3, Code implementation

Next, we refer to Mr. Kaggle Peter's code to reproduce the fast RCNN model.

https://www.kaggle.com/pestipeti/pytorch-starter-fasterrcnn-train

The framework of the model is shown in the figure below. I believe everyone is familiar with it. I also recommend you to use it and deeply understand the principle behind it.

1. Read wheat data

The code for reading wheat dataset is as follows:

# -*- coding: utf-8 -*-
"""
Created on Fri Oct 29 13:42:38 2021
@author: xiuzhang
"""
import os
import re
import cv2
import pandas as pd
import numpy as np
from PIL import Image
import albumentations as A
from matplotlib import pyplot as plt
from albumentations.pytorch.transforms import ToTensorV2

import torch
import torchvision
from torchvision.models.detection.faster_rcnn import FastRCNNPredictor
from torchvision.models.detection import FasterRCNN
from torchvision.models.detection.rpn import AnchorGenerator
from torch.utils.data import DataLoader, Dataset
from torch.utils.data.sampler import SequentialSampler

from dataset import WheatDataset

#-----------------------------------------------------------------------------
#Step 1 function definition
#----------------------------------------------------------------------------
#Extract the four coordinates of the box
def expand_bbox(x):
    r = np.array(re.findall("([0-9]+[.]?[0-9]*)", x))
    if len(r) == 0:
        r = [-1, -1, -1, -1]
    return r

#Training image enhancement
def get_train_transform():
    return A.Compose([
        A.Flip(0.5),
        ToTensorV2(p=1.0)
    ], bbox_params={'format': 'pascal_voc', 'label_fields': ['labels']})

#Verify image enhancement
def get_valid_transform():
    return A.Compose([
        ToTensorV2(p=1.0)
    ], bbox_params={'format': 'pascal_voc', 'label_fields': ['labels']})

def collate_fn(batch):
    return tuple(zip(*batch))

#-----------------------------------------------------------------------------
#The second step is to define variables and read data
#-----------------------------------------------------------------------------
DIR_INPUT = 'data'
DIR_TRAIN = f'{DIR_INPUT}/train'
DIR_TEST = f'{DIR_INPUT}/test'
train_df = pd.read_csv(f'{DIR_INPUT}/train.csv')
print(train_df.shape)

train_df['x'] = -1
train_df['y'] = -1
train_df['w'] = -1
train_df['h'] = -1

#Read four coordinates
train_df[['x', 'y', 'w', 'h']] = np.stack(train_df['bbox'].apply(lambda x: expand_bbox(x)))
train_df.drop(columns=['bbox'], inplace=True)
train_df['x'] = train_df['x'].astype(np.float)
train_df['y'] = train_df['y'].astype(np.float)
train_df['w'] = train_df['w'].astype(np.float)
train_df['h'] = train_df['h'].astype(np.float)

#Get image id
image_ids = train_df['image_id'].unique()
valid_ids = image_ids[-665:]
train_ids = image_ids[:-665]
valid_df = train_df[train_df['image_id'].isin(valid_ids)]
train_df = train_df[train_df['image_id'].isin(train_ids)]
print(valid_df.shape, train_df.shape)
print(train_df.head())

The display results are shown in the figure below. The image id and data are obtained respectively and divided into train and valid.

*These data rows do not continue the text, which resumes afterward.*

(* Let $k$ be as in the context. For every $\rho\in(0,\log\sqrt3)$ there exist $\lambda_\rho^+>0$, $\lambda_\rho^-<0$ and $u_\rho^+,u_\rho^-\in C[0,1]$ with $\|u_\rho^\pm\|_\infty=\rho$ such that $(\lambda,u)=(\lambda_\rho^\pm,u_\rho^\pm)$ solves \[ u(t)=\lambda\int_0^1k(t,s)\,\frac{\sin(\tfrac32\pi s)e^{u(s)}}{\int_0^1e^{u(x)}\,dx}\,ds,\qquad t\in[0,1], \] equivalently the Neumann problem $u''(t)+\frac{\pi^2}{4}u(t)=\lambda\,\sin(\tfrac32\pi t)e^{u(t)}/\int_0^1e^{u(x)}dx$ on $(0,1)$, $u'(0)=u'(1)=0$. Moreover every pair $(\lambda,u)\in\mathbb{R}\times C[0,1]$ with $\|u\|_\infty=\rho$ solving this integral equation satisfies \[ |\lambda|\le\frac{4\pi^2\rho}{9e^{-2\rho}-e^{2\rho}}. \]
   Context: $k(t,s)=\frac2\pi\cos(\frac\pi2(1-s))\cos(\frac\pi2 t)$ for $0\le t\le s\le 1$ and $k(t,s)=\frac2\pi\cos(\frac\pi2(1-t))\cos(\frac\pi2 s)$ for $0\le s\le t\le 1$. *)

theory Defs
  imports "HOL-Analysis.Analysis"
begin

definition kern :: "real \<Rightarrow> real \<Rightarrow> real" where
  "kern t s = (if t \<le> s
     then 2 / pi * cos (pi / 2 * (1 - s)) * cos (pi / 2 * t)
     else 2 / pi * cos (pi / 2 * (1 - t)) * cos (pi / 2 * s))"

definition supnorm01 :: "(real \<Rightarrow> real) \<Rightarrow> real" where
  "supnorm01 u = (SUP t\<in>{0..1}. \<bar>u t\<bar>)"

definition solves :: "real \<Rightarrow> (real \<Rightarrow> real) \<Rightarrow> bool" where
  "solves lam u \<longleftrightarrow> continuous_on {0..1} u \<and>
     (\<forall>t\<in>{0..1}. u t = lam * integral {0..1}
        (\<lambda>s. kern t s * (sin (3 / 2 * pi * s) * exp (u s) / integral {0..1} (\<lambda>x. exp (u x)))))"

end

theory Submission
  imports Defs "HOL-Homology.Brouwer_Degree" "HOL-Complex_Analysis.Great_Picard"
begin

(* Write H u t for the integral over s in [0,1] of k(t,s) sin(3 pi s / 2) e^(u s) / (integral of e^u),
   and ||.|| for the sup norm on [0,1].  On the ball of radius r in C[0,1] the density
   e^u / (integral of e^u) lies between e^(-2r) and e^(2r), while k(1,s) sin(3 pi s / 2) changes sign
   only at s = 2/3; this gives H u 1 >= beta r = (9 e^(-2r) - e^(2r)) / (4 pi^2), which is positive
   for r < log (sqrt 3).  Hence a solution with ||u|| = rho satisfies |lambda| beta rho <= |u 1| <= rho.
   For existence, u |-> c H u / ||H u|| with c = +-rho maps the rho-ball into itself, is Lipschitz in t
   uniformly in u, and is Lipschitz in u for the sup norm.  A Schauder-type argument (Brouwer's theorem
   for piecewise linear interpolants at the nodes j/m, then Arzela-Ascoli) gives a fixed point y, and
   (c / ||H y||, y) is a solution with ||y|| = rho.  Brouwer's theorem in every dimension follows from
   the non-contractibility of spheres. *)

section \<open>Brouwer's fixed point theorem in every finite dimension\<close>

text \<open>Points of \<open>\<real>\<^bsup>n+1\<^esup>\<close> are functions on \<open>nat\<close> vanishing beyond \<open>n\<close>, as in \<^const>\<open>nsphere\<close>.\<close>

definition euclidean_disc :: "nat \<Rightarrow> (nat \<Rightarrow> real) set" where
  "euclidean_disc n = {x. (\<Sum>i\<le>n. (x i)\<^sup>2) \<le> 1 \<and> (\<forall>i>n. x i = 0)}"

The code of dataset.py file is as follows:

Get image id
Obtain image pixel values and normalize them
Obtain the boundary corresponding to the image (x | y | w | h)

# -*- coding: utf-8 -*-
"""
Created on Fri Oct 29 13:42:38 2021
@author: xiuzhang
"""
import numpy as np
import cv2
import torch
from torch.utils.data import Dataset


class WheatDataset(Dataset):

    def __init__(self, dataframe, image_dir, transforms=None):
        super().__init__()

        self.image_ids = dataframe['image_id'].unique()
        self.df = dataframe
        self.image_dir = image_dir
        self.transforms = transforms

    def __getitem__(self, index: int):
        image_id = self.image_ids[index]
        records = self.df[self.df['image_id'] == image_id]

        image = cv2.imread(f'{self.image_dir}/{image_id}.jpg', cv2.IMREAD_COLOR)
        image = cv2.cvtColor(image, cv2.COLOR_BGR2RGB).astype(np.float32)
        image /= 255.0

        boxes = records[['x', 'y', 'w', 'h']].values
        boxes[:, 2] = boxes[:, 0] + boxes[:, 2]
        boxes[:, 3] = boxes[:, 1] + boxes[:, 3]

        area = (boxes[:, 3] - boxes[:, 1]) * (boxes[:, 2] - boxes[:, 0])
        area = torch.as_tensor(area, dtype=torch.float32)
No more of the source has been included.